The arbuscular mycorrhizas of bluebell (Hyacinthoides non-scripta (L.) Chouard ex Rothm.) involve several symbiotic fungi of the order Glomales. We have previously simplified the system by ignoring the taxonomic diversity of the fungi, but it is unlikely that all fungal species contribute in the same manner or to the same extent to the functioning of the symbiosis. To discover how many and which fungi take part in the bluebell mycorrhiza we sought to identify the range of arbuscular mycorrhizal (AM) fungi found in bluebell roots sampled during a complete growing season, September to June.

Although the taxonomy of the Glomales by their spores is not yet fully understood, identification is, to a large extent, possible. Arbuscular mycorrhizal communities are usually characterized by their spores but, since spores can rarely be directly associated with individual plants or plant species, a more satisfactory approach would be to identify fungal symbionts where they interact with the host plant, in the roots. Unfortunately, the intraradical mycelia of the fungi are less easily distinguished than the spores and, as yet, classification is possible only to the family level.

We have developed a method whereby different AM fungal taxa in the roots of bluebell can be distinguished by objective assessment. A large suite of morphological characteristics of the fungi in roots was recorded in samples taken at monthly intervals. Hierarchical cluster analysis of the resulting data separated six distinct AM fungal morphotypes (Scutellospora type, Acaulospora type, three Glomus types and fine endophytes) and a classification system created by which identification by eye was possible.
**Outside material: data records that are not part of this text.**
lemma exp_le_cosh_sinh_chord:
  fixes b c y :: real
  assumes "\<bar>y\<bar> \<le> c" "c > 0"
  shows "exp (b * y) \<le> cosh (b * c) + y / c * sinh (b * c)"
proof -
  define t where "t = (c - y) / (2 * c)"
  have t: "0 \<le> t" "t \<le> 1" using assms by (auto simp: t_def field_simps abs_le_iff)
  have "b * y = (1 - t) * (b * c) + t * (- (b * c))"
    using assms by (simp add: t_def field_simps)
  then have "exp (b * y) = exp ((1 - t) * (b * c) + t * (- (b * c)))"
    by simp
  also have "\<dots> \<le> (1 - t) * exp (b * c) + t * exp (- (b * c))"
    using convex_onD[OF exp_convex t, of "b * c" "- (b * c)"] by simp
  also have "\<dots> = cosh (b * c) + y / c * sinh (b * c)"
    using assms by (simp add: t_def cosh_def sinh_def field_simps)
  finally show ?thesis .
qed

lemma weighted_exp_le_exp_half_square:
  fixes w l :: "'i \<Rightarrow> real"
  assumes "finite I" "\<forall>i\<in>I. w i \<ge> 0" "sum w I = 1" "(\<Sum>i\<in>I. w i * l i) = 0"
    and "\<forall>i\<in>I. \<bar>l i\<bar> \<le> c" "c > 0"
  shows "(\<Sum>i\<in>I. w i * exp (a * l i)) \<le> exp (a\<^sup>2 * c\<^sup>2 / 2)"
proof -
  have "(\<Sum>i\<in>I. w i * exp (a * l i)) \<le> (\<Sum>i\<in>I. w i * (cosh (a * c) + l i / c * sinh (a * c)))"
    using assms(2,5,6) exp_le_cosh_sinh_chord by (intro sum_mono mult_left_mono) auto
  also have "\<dots> = sum w I * cosh (a * c) + (\<Sum>i\<in>I. w i * l i) * (sinh (a * c) / c)"
  proof -
    have "w i * (cosh (a * c) + l i / c * sinh (a * c)) = w i * cosh (a * c) + w i * l i * (sinh (a * c) / c)"
      for i by (simp add: algebra_simps)
    then show ?thesis by (simp only: sum.distrib sum_distrib_right)
  qed
  also have "\<dots> = cosh (a * c)"
    using assms(3,4) by simp
  also have "\<dots> \<le> exp (a\<^sup>2 * c\<^sup>2 / 2)"
    using cosh_le_exp_half_square[of "a * c"] by (simp add: power_mult_distrib)
  finally show ?thesis .
qed

lemma closest_point_gradient_step:
  fixes y v g :: "'a::euclidean_space"
  assumes X: "X \<noteq> {}" "closed X" "convex X" and "v \<in> X" "\<eta> > 0"
  shows "g \<bullet> (y - v) \<le> ((norm (y - v))\<^sup>2 - (norm (closest_point X (y - \<eta> *\<^sub>R g) - v))\<^sup>2) / (2 * \<eta>)
           + \<eta> * (norm g)\<^sup>2 / 2"
proof -
  have "norm (closest_point X (y - \<eta> *\<^sub>R g) - v) \<le> norm ((y - v) - \<eta> *\<^sub>R g)"
    using closest_point_lipschitz[OF X(3,2,1), of "y - \<eta> *\<^sub>R g" v] closest_point_self[OF \<open>v \<in> X\<close>]
    by (simp add: dist_norm algebra_simps)
  then have "(norm (closest_point X (y - \<eta> *\<^sub>R g) - v))\<^sup>2 \<le> (norm ((y - v) - \<eta> *\<^sub>R g))\<^sup>2"
    by (intro power_mono) auto
  also have "\<dots> = (norm (y - v))\<^sup>2 - 2 * \<eta> * (g \<bullet> (y - v)) + \<eta>\<^sup>2 * (norm g)\<^sup>2"
    unfolding power2_norm_eq_inner
    by (simp add: inner_diff_left inner_diff_right inner_commute algebra_simps power2_eq_square)
  finally show ?thesis
    using \<open>\<eta> > 0\<close> by (simp add: field_simps power2_eq_square)
qed

lemma power2_norm_diff_change_le:
  fixes a b c :: "'a::real_normed_vector"
  assumes "a \<in> X" "b \<in> X" "c \<in> X" and diam: "\<forall>x\<in>X. \<forall>x'\<in>X. norm (x - x') \<le> D"
  shows "(norm (a - b))\<^sup>2 - (norm (a - c))\<^sup>2 \<le> 2 * D * norm (b - c)"
proof -
  define p q where "p = norm (a - b)" and "q = norm (a - c)"
  have pq: "\<bar>p - q\<bar> \<le> norm (b - c)"
    using norm_triangle_ineq3[of "a - b" "a - c"] by (simp add: p_def q_def norm_minus_commute)
  have "0 \<le> p" "p \<le> D" "0 \<le> q" "q \<le> D"
    using assms by (auto simp: p_def q_def)
  have "p\<^sup>2 - q\<^sup>2 = (p - q) * (p + q)" by (simp add: power2_eq_square algebra_simps)
  also have "\<dots> \<le> \<bar>p - q\<bar> * (p + q)"
    using \<open>0 \<le> p\<close> \<open>0 \<le> q\<close> by (intro mult_right_mono) auto
  also have "\<dots> \<le> norm (b - c) * (2 * D)"
    using pq \<open>p \<le> D\<close> \<open>q \<le> D\<close> \<open>0 \<le> p\<close> \<open>0 \<le> q\<close> by (intro mult_mono) auto
  finally show ?thesis by (simp add: p_def q_def algebra_simps)
qed

lemma projected_gradient_regret_telescoping:
  fixes y v g :: "nat \<Rightarrow> 'a::euclidean_space"
  assumes X: "X \<noteq> {}" "closed X" "convex X" and "\<eta> > 0"
    and step: "\<And>k. y (Suc k) = closest_point X (y k - \<eta> *\<^sub>R g k)"
    and "y 0 \<in> X" and v: "\<And>k. k \<le> n \<Longrightarrow> v k \<in> X"
    and gG: "\<And>k. k \<le> n \<Longrightarrow> norm (g k) \<le> G"
    and diam: "\<forall>x\<in>X. \<forall>x'\<in>X. norm (x - x') \<le> D"
  shows "(\<Sum>k<Suc n. g k \<bullet> (y k - v k)) \<le>
     (D\<^sup>2 + 2 * D * (\<Sum>k<n. norm (v (Suc k) - v k)) - (norm (y (Suc n) - v n))\<^sup>2) / (2 * \<eta>)
     + \<eta> * real (Suc n) * G\<^sup>2 / 2"
proof -
  have y: "y k \<in> X" for k
    using \<open>y 0 \<in> X\<close> step closest_point_in_set[OF X(2,1)] by (cases k) auto
  have one_step: "g k \<bullet> (y k - v k) \<le> ((norm (y k - v k))\<^sup>2 - (norm (y (Suc k) - v k))\<^sup>2) / (2 * \<eta>)
      + \<eta> * G\<^sup>2 / 2" if "v k \<in> X" "norm (g k) \<le> G" for k
  proof -
    have "\<eta> * (norm (g k))\<^sup>2 / 2 \<le> \<eta> * G\<^sup>2 / 2"
      using that \<open>\<eta> > 0\<close> by (intro divide_right_mono mult_left_mono power_mono) auto
    then show ?thesis
      using closest_point_gradient_step[OF X that(1) \<open>\<eta> > 0\<close>, where y = "y k" and g = "g k"] step by simp
  qed
  show ?thesis
    using v gG
  proof (induction n)
    case 0
    have "(norm (y 0 - v 0))\<^sup>2 \<le> D\<^sup>2" using diam y 0 by (intro power_mono) auto
    then have "((norm (y 0 - v 0))\<^sup>2 - (norm (y 1 - v 0))\<^sup>2) / (2 * \<eta>)
        \<le> (D\<^sup>2 - (norm (y 1 - v 0))\<^sup>2) / (2 * \<eta>)"
      using \<open>\<eta> > 0\<close> by (intro divide_right_mono) auto
    then show ?case
      using one_step[of 0] 0 by simp
  next
    case (Suc n)
    have "(norm (y (Suc n) - v (Suc n)))\<^sup>2 - (norm (y (Suc n) - v n))\<^sup>2 \<le> 2 * D * norm (v (Suc n) - v n)"
      using power2_norm_diff_change_le[OF y _ _ diam] Suc.prems by simp
    then have "(D\<^sup>2 + 2 * D * (\<Sum>k<n. norm (v (Suc k) - v k)) - (norm (y (Suc n) - v n))\<^sup>2) / (2 * \<eta>)
        + ((norm (y (Suc n) - v (Suc n)))\<^sup>2 - (norm (y (Suc (Suc n)) - v (Suc n)))\<^sup>2) / (2 * \<eta>)
      \<le> (D\<^sup>2 + 2 * D * (\<Sum>k<Suc n. norm (v (Suc k) - v k)) - (norm (y (Suc (Suc n)) - v (Suc n)))\<^sup>2) / (2 * \<eta>)"
      using \<open>\<eta> > 0\<close> unfolding add_divide_distrib [symmetric] sum.lessThan_Suc distrib_left
      by (intro divide_right_mono) linarith+
    moreover have "\<eta> * real (Suc n) * G\<^sup>2 / 2 + \<eta> * G\<^sup>2 / 2 = \<eta> * real (Suc (Suc n)) * G\<^sup>2 / 2"
      by (simp add: algebra_simps)
    ultimately show ?case
      using Suc.IH Suc.prems one_step[of "Suc n"] by simp
  qed
qed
We compared the fungi in roots with glomalean spores in soil from the root zone of the same bluebell plants. Two species occurred in most samples, Scutellospora dipurpurescens Morton & Koske (emend. Walker, 1993) and Acaulospora koskei Blaskowski. A further six occurred sporadically, five Acaulospora spp. and Glomus rubiforme Gerdemann & Trappe) Almeida & Schenck (=Sclerocystis rubiformis). The presence of a single species of Scutellospora was consistent with a Scutellospora root morphotype which varied little. By contrast, the diversity of Acaulospora in the spore assemblage was reflected by variation within the Acaulospora morphotype. Glomus spores were very rarely found in field collections, yet Glomus morphotypes were found to be an important component of the bluebell mycorrhiza.

Because some important species are not represented in spore assemblages in the field and those that are found can only be associated with vegetational groups, not individual plants or single species, glomalean spore populations provide only a partial account of the fungi which contribute to arbuscular mycorrhizas. Although it is still not possible to identify AM fungi in roots with the same precision as their spores, the method reported here permits assessment of diversity in the roots of individual plant species, which may be applied to the investigation of mycorrhizal function and demography in natural ecosystems.